SNP Guest VSM: Start VP hypercall handling #634

sluck-msft · 2025-01-08T22:52:40Z

Start VP hypercall handling for SNP Guest VSM support.

Tested:

SNP + Guest VSM boots 8 VPs
SNP without Guest VSM boots
non-isolated VM still boots

openhcl/virt_mshv_vtl/src/processor/mod.rs

smalis-msft · 2025-01-24T16:35:57Z

openhcl/virt_mshv_vtl/src/lib.rs

-    /// doesn't handle EnableVpVtl, there's no obvious place to set this.
-    hcvm_vtl1_enabled: Mutex<bool>,
+    /// Only modified for hardware CVMs.
+    hcvm_vtl1_state: Mutex<UhVpCvmVtl1State>,


Could we move this off of VpInner so non-CVMs don't have it anymore? Now that we have partition-wide per-backing state we could put a Vec on UhCvmPartitionState to hold these instead. I was already adding vp_count to BackingSharedParams in #704, so you could copy that bit to size the Vec.

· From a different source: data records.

(* Consider the procurement setting and the mechanism BFM-SWM described in the context, run with arbitrary inputs $B>0$, $\alpha>1$, $\beta>1$, $\epsilon>0$, $\ell\in\{1,2\}$. Then BFM-SWM is budget-feasible, i.e. its output $S^*$ with payments $p(u)$, $u\in S^*$, satisfies $p(S^* )=\sum_{u\in S^*}p(u)\le B$. It is obviously strategyproof (hence truthful), individually rational, and has non-negative auctioneer surplus, i.e. $v(S^* )-p(S^* )\ge 0$. Moreover, treating $\alpha$ as a constant and counting each evaluation of $v$ as one step, it runs in $\mathcal{O}\!\left(n\log\frac{OPT}{\epsilon}\right)$ time, where $OPT=\max\{v(S)-c(S): S\subseteq\mathcal{N},\ c(S)\le B\}$ is the welfare of an optimal solution.
   Context: Setting. $\mathcal{N}$ is a finite set of $n$ sellers, each owning one item. The auctioneer has a valuation $v:2^{\mathcal{N}}\to\mathbb{R}_{\ge 0}$ with $v(\emptyset)=0$ that is submodular (for $X\subseteq Y\subseteq\mathcal{N}$ and $u\notin Y$, $v(u\mid Y)\le v(u\mid X)$), not necessarily monotone, accessed through a value oracle; here $v(S\mid T)=v(S\cup T)-v(T)$, $v(u\mid T)=v(\{u\}\mid T)$ and $v(u)=v(\{u\})$. Each seller $u$ has a private cost $c(u)\ge 0$; $c(X)=\sum_{u\in X}c(u)$, $p(X)=\sum_{u\in X}p(u)$. $B>0$ is the budget, $[\ell]=\{1,\dots,\ell\}$. A seller offered a price $q$ either accepts or rejects; a truthful seller accepts iff $c(u)\le q$. A seller's utility is $p(u)-c(u)$ if it wins with payment $p(u)$ and $0$ otherwise. Mechanism BFM-SWM (inputs $B$, $\alpha>1$, $\beta>1$, $\epsilon>0$, $\ell\in\{1,2\}$): 1. Offer every seller the price $B$; let $R$ be the set of sellers who accept, and set $p(u)=B$ for $u\in R$. 2. Set $t=0$, $\rho_0=\epsilon/\alpha$, $u^*=\emptyset$ ($u^*$ is a set of at most one seller), and $S_{i,0}=\emptyset$ for $i\in[\ell]$. 3. Repeat rounds: set $t\leftarrow t+1$, $\rho_t=\alpha\rho_{t-1}$, $S_{i,t}=\emptyset$ for all $i\in[\ell]$. Process the sellers $u\in R\setminus(\bigcup_{i=1}^{\ell}S_{i,t-1}\cup u^* )$ one at a time in a fixed order. For each such $u$: pick $j\in\arg\max_{i\in[\ell]}v(u\mid S_{i,t})$ (current contents); update $p(u)\leftarrow\min\{p(u),\ v(u\mid S_{j,t})/(\beta+\rho_t/B)\}$ and offer $p(u)$ to $u$. If $u$ accepts: if $v(S_{j,t}\cup\{u\})-p(S_{j,t}\cup\{u\})>\rho_t$ (current prices), set $u^*\leftarrow\{u\}$ and end the round immediately; otherwise add $u$ to $S_{j,t}$. If $u$ rejects, remove $u$ from $R$. After the round, stop if $R\setminus\left(\bigcup_{i=1}^{\ell}(S_{i,t-1}\cup S_{i,t})\cup u^*\right)=\emptyset$; otherwise start another round. 4. Let $M$ be the final value of $t$. Output $S^*\in\arg\max_{A\in\{S_{i,t}: i\in[\ell],\ t\in\{M-1,M\}\}\cup\{u^*\}}\big(v(A)-p(A)\big)$, paying each $u\in S^*$ its current price $p(u)$. Obvious strategyproofness: at every point at which a seller's action under the truthful strategy differs from its action under some deviating strategy, the worst utility it can obtain by continuing truthfully is at least the best utility it can obtain by deviating (over all behaviours of the other sellers). Individual rationality: a truthful seller never obtains negative utility. *)

theory Defs
  imports Complex_Main "HOL-Library.Sublist"
begin
(* Let $0<\rho<1$, $n\geq1$, $m\geq2$, $a_{1},\ldots,a_{m}>0$ with $\sum_{i}a_{i}=1$, and let $\Omega_{1},\ldots,\Omega_{m}\subset\mathbb{R}^{n+1}$ be measurable sets forming a partition of $\mathbb{R}^{n+1}$ with $\gamma_{n+1}(\Omega_{i})=a_{i}$ that maximize $\sum_{i=1}^{m}\int_{\mathbb{R}^{n+1}}1_{\Omega_{i}}T_{\rho}1_{\Omega_{i}}\gamma_{n+1}\,dx$ among such partitions. Then for all $1\leq i<j\leq m$ there exists $c_{ij}\in\mathbb{R}$ such that $$T_{\rho}(1_{\Omega_{i}}-1_{\Omega_{j}})(x)=c_{ij},\qquad\forall\,x\in\Sigma_{ij}.$$
   Context: $\gamma_{n+1}(x)=(2\pi)^{-(n+1)/2}e^{-\|x\|^{2}/2}$, $\gamma_{n+1}(\Omega)=\int_{\Omega}\gamma_{n+1}$; $T_{\rho}f(x)=\int_{\mathbb{R}^{n+1}}f(x\rho+y\sqrt{1-\rho^{2}})\gamma_{n+1}(y)\,dy$. For a set $\Omega$ of locally finite surface area (so that $\nabla1_{\Omega}$ is a vector-valued Radon measure), the reduced boundary $\partial^{*}\Omega$ is the set of $x$ such that $N(x)=-\lim_{r\to0^{+}}\nabla1_{\Omega}(B(x,r))/\|\nabla1_{\Omega}\|(B(x,r))$ exists and is a unit vector. $\Sigma_{ij}=(\partial^{*}\Omega_{i})\cap(\partial^{*}\Omega_{j})$. *)

theory Defs
  imports "HOL-Analysis.Analysis"
begin

definition gauss_dens :: "'a::euclidean_space \<Rightarrow> real" where
  "gauss_dens x = (2 * pi) powr (- real DIM('a) / 2) * exp (- (norm x)\<^sup>2 / 2)"

definition gauss_measure :: "'a::euclidean_space set \<Rightarrow> real" where
  "gauss_measure \<Omega> = (\<integral>x. indicator \<Omega> x * gauss_dens x \<partial>lebesgue)"

definition ou_op :: "real \<Rightarrow> ('a::euclidean_space \<Rightarrow> real) \<Rightarrow> 'a \<Rightarrow> real" where
  "ou_op \<rho> f x = (\<integral>y. f (\<rho> *\<^sub>R x + sqrt (1 - \<rho>\<^sup>2) *\<^sub>R y) * gauss_dens y \<partial>lebesgue)"

definition noise_stab :: "real \<Rightarrow> nat \<Rightarrow> (nat \<Rightarrow> 'a::euclidean_space set) \<Rightarrow> real" where
  "noise_stab \<rho> m \<Omega> = (\<Sum>i<m. \<integral>x. indicator (\<Omega> i) x * ou_op \<rho> (indicator (\<Omega> i)) x * gauss_dens x \<partial>lebesgue)"

definition is_partition :: "nat \<Rightarrow> (nat \<Rightarrow> 'a::euclidean_space set) \<Rightarrow> bool" where
  "is_partition m \<Omega> \<longleftrightarrow> (\<forall>i<m. \<Omega> i \<in> sets lebesgue)
     \<and> (\<forall>i<m. \<forall>j<m. i \<noteq> j \<longrightarrow> \<Omega> i \<inter> \<Omega> j = {})
     \<and> (\<Union>i<m. \<Omega> i) = UNIV"

definition C1c_field :: "('a::euclidean_space \<Rightarrow> 'a) \<Rightarrow> ('a \<Rightarrow> 'a \<Rightarrow>\<^sub>L 'a) \<Rightarrow> bool" where
  "C1c_field \<phi> \<phi>' \<longleftrightarrow> (\<forall>x. (\<phi> has_derivative blinfun_apply (\<phi>' x)) (at x))
     \<and> continuous_on UNIV \<phi>' \<and> compact (closure {x. \<phi> x \<noteq> 0})"

definition divergence :: "('a::euclidean_space \<Rightarrow> 'a \<Rightarrow>\<^sub>L 'a) \<Rightarrow> 'a \<Rightarrow> real" where
  "divergence \<phi>' x = (\<Sum>b\<in>Basis. blinfun_apply (\<phi>' x) b \<bullet> b)"

text \<open>gradient_rep Omega mu sigma: the distributional gradient of 1_Omega is the vector-valued
  Radon measure sigma mu, i.e. mu is a locally finite Borel measure (= total variation),
  |sigma| = 1 mu-a.e., and  int phi . d(grad 1_Omega) = - int_Omega div phi  for all C^1_c fields.
  Omega has locally finite surface area iff such a representation exists.\<close>
definition gradient_rep :: "'a::euclidean_space set \<Rightarrow> 'a measure \<Rightarrow> ('a \<Rightarrow> 'a) \<Rightarrow> bool" where
  "gradient_rep \<Omega> \<mu> \<sigma> \<longleftrightarrow> sets \<mu> = sets borel
     \<and> (\<forall>K. compact K \<longrightarrow> emeasure \<mu> K < \<infinity>)
     \<and> \<sigma> \<in> borel_measurable \<mu>
     \<and> (AE x in \<mu>. norm (\<sigma> x) = 1)
     \<and> (\<forall>\<phi> \<phi>'. C1c_field \<phi> \<phi>' \<longrightarrow>
          (\<integral>x. \<phi> x \<bullet> \<sigma> x \<partial>\<mu>) = - (\<integral>x. indicator \<Omega> x * divergence \<phi>' x \<partial>lebesgue))"

definition reduced_boundary :: "'a::euclidean_space set \<Rightarrow> 'a set" where
  "reduced_boundary \<Omega> = {x. \<exists>\<mu> \<sigma>. gradient_rep \<Omega> \<mu> \<sigma> \<and>
     (\<exists>N. norm N = 1 \<and>
       ((\<lambda>r. - ((1 / measure \<mu> (ball x r)) *\<^sub>R (\<integral>y. indicator (ball x r) y *\<^sub>R \<sigma> y \<partial>\<mu>))) \<longlongrightarrow> N)
         (at_right 0))}"
(* In the standing setup, assume the element $j\in G$ with $\rho(j)=\mathrm{diag}(e^{2\pi iq_1},\dots,e^{2\pi iq_n})$ exists, and fix $\sigma\in\mathrm{Hom}(G,\mathbb{Z}/2\mathbb{Z})$. If $\sigma(h)(\sigma(j)+1)\equiv 0 \pmod 2$ for all $h\in G$ (which holds for instance if $\sigma(j)=1$ or $\sigma\equiv 0$), then for every $h\in G$ and every homogeneous $a\in M_{f_h}$, $$\varphi(h^{-1}j)(a1_h)=e^{2\pi i(\deg a+s_h)}\,a1_h,$$ i.e. $\varphi(h^{-1}j)|_{A_h}=\exp(2\pi i\mathcal{Q})|_{A_h}$ where $\mathcal{Q}(a1_h)=(\deg a+s_h)a1_h$; thus $GM_f$ is $G$-Euler.
   Context: Standing setup. Let $f\in\mathbb{C}[z_1,\dots,z_n]$ be quasi-homogeneous with an isolated singularity at $0$, with weights $q_i\in(0,1)$ (so $f(e^{tq_1}z_1,\dots,e^{tq_n}z_n)=e^tf(z)$); $M_f=\mathbb{C}[z]/(\partial_1f,\dots,\partial_nf)$ graded by $\deg z_i=q_i$. $G$ is a finite abelian group with a diagonal representation $\rho:G\to GL(n,\mathbb{C})$ leaving $f$ invariant; $\rho(g)=\mathrm{diag}(e^{2\pi i\nu_i(g)})$ with $\nu_i(g)\in[0,1)$; $\mathrm{Fix}(g)$ is the span of the $z_i$ with $\nu_i(g)=0$, $f_g=f|_{\mathrm{Fix}(g)}$, $A_g=M_{f_g}$ (equal to $\mathbb{C}$ if $\mathrm{Fix}(g)=0$) with elements $a1_g$, and $GM_f=\bigoplus_gA_g$. Shift $s_g=\sum_{i:\nu_i(g)\ne0}(\nu_i(g)-q_i)$. Given $\sigma\in\mathrm{Hom}(G,\mathbb{Z}/2\mathbb{Z})$, the $G$-action on $GM_f$ is $$\varphi(h)(a1_g)=(-1)^{\sigma(h)\sigma(g)}\det(\rho(h))^{-1}\det(\rho(h)|_{\mathrm{Fix}(g)})\,(a\circ\rho(h))\,1_g,$$ where $(a\circ\rho(h))(z)=a(\rho(h)z)$ and the determinant of the restriction to the zero space is $1$. $GM_f$ is called $G$-Euler if there is a central $j$ with $\varphi(h^{-1}j)|_{A_h}=\exp(2\pi i\mathcal{Q})|_{A_h}$ for all $h$. *)

theory Defs
  imports "HOL-Analysis.Analysis" "HOL-Algebra.Elementary_Groups"
begin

I feel like there's a pattern here, Steven, where you add/suggest adding a bunch of per-X things and I come by and say "hey, just make a single per-X structure and put everything in that." In this case, should we have a Vec<VpInnerCvm> somewhere instead of a bunch of per-VP Vec<Whatever>s?

Sometimes separate Vecs do make sense, for memory locality reasons, but we should be intentional when we do that.

Usually I hold off on making that per-thing struct until there's going to be more than one field in it, but yes it does seem like we're heading in that direction.

smalis-msft · 2025-01-24T16:37:43Z

openhcl/virt_mshv_vtl/src/processor/mod.rs

@@ -254,6 +255,8 @@ mod private {

        fn untrusted_synic(&self) -> Option<&ProcessorSynic>;
        fn untrusted_synic_mut(&mut self) -> Option<&mut ProcessorSynic>;
+
+        fn set_exit_vtl(this: &mut UhProcessor<'_, Self>, vtl: GuestVtl);


Is there ever a case where we're setting the exit vtl but not switching vtl state? I think this should just be handled inside of those two impls.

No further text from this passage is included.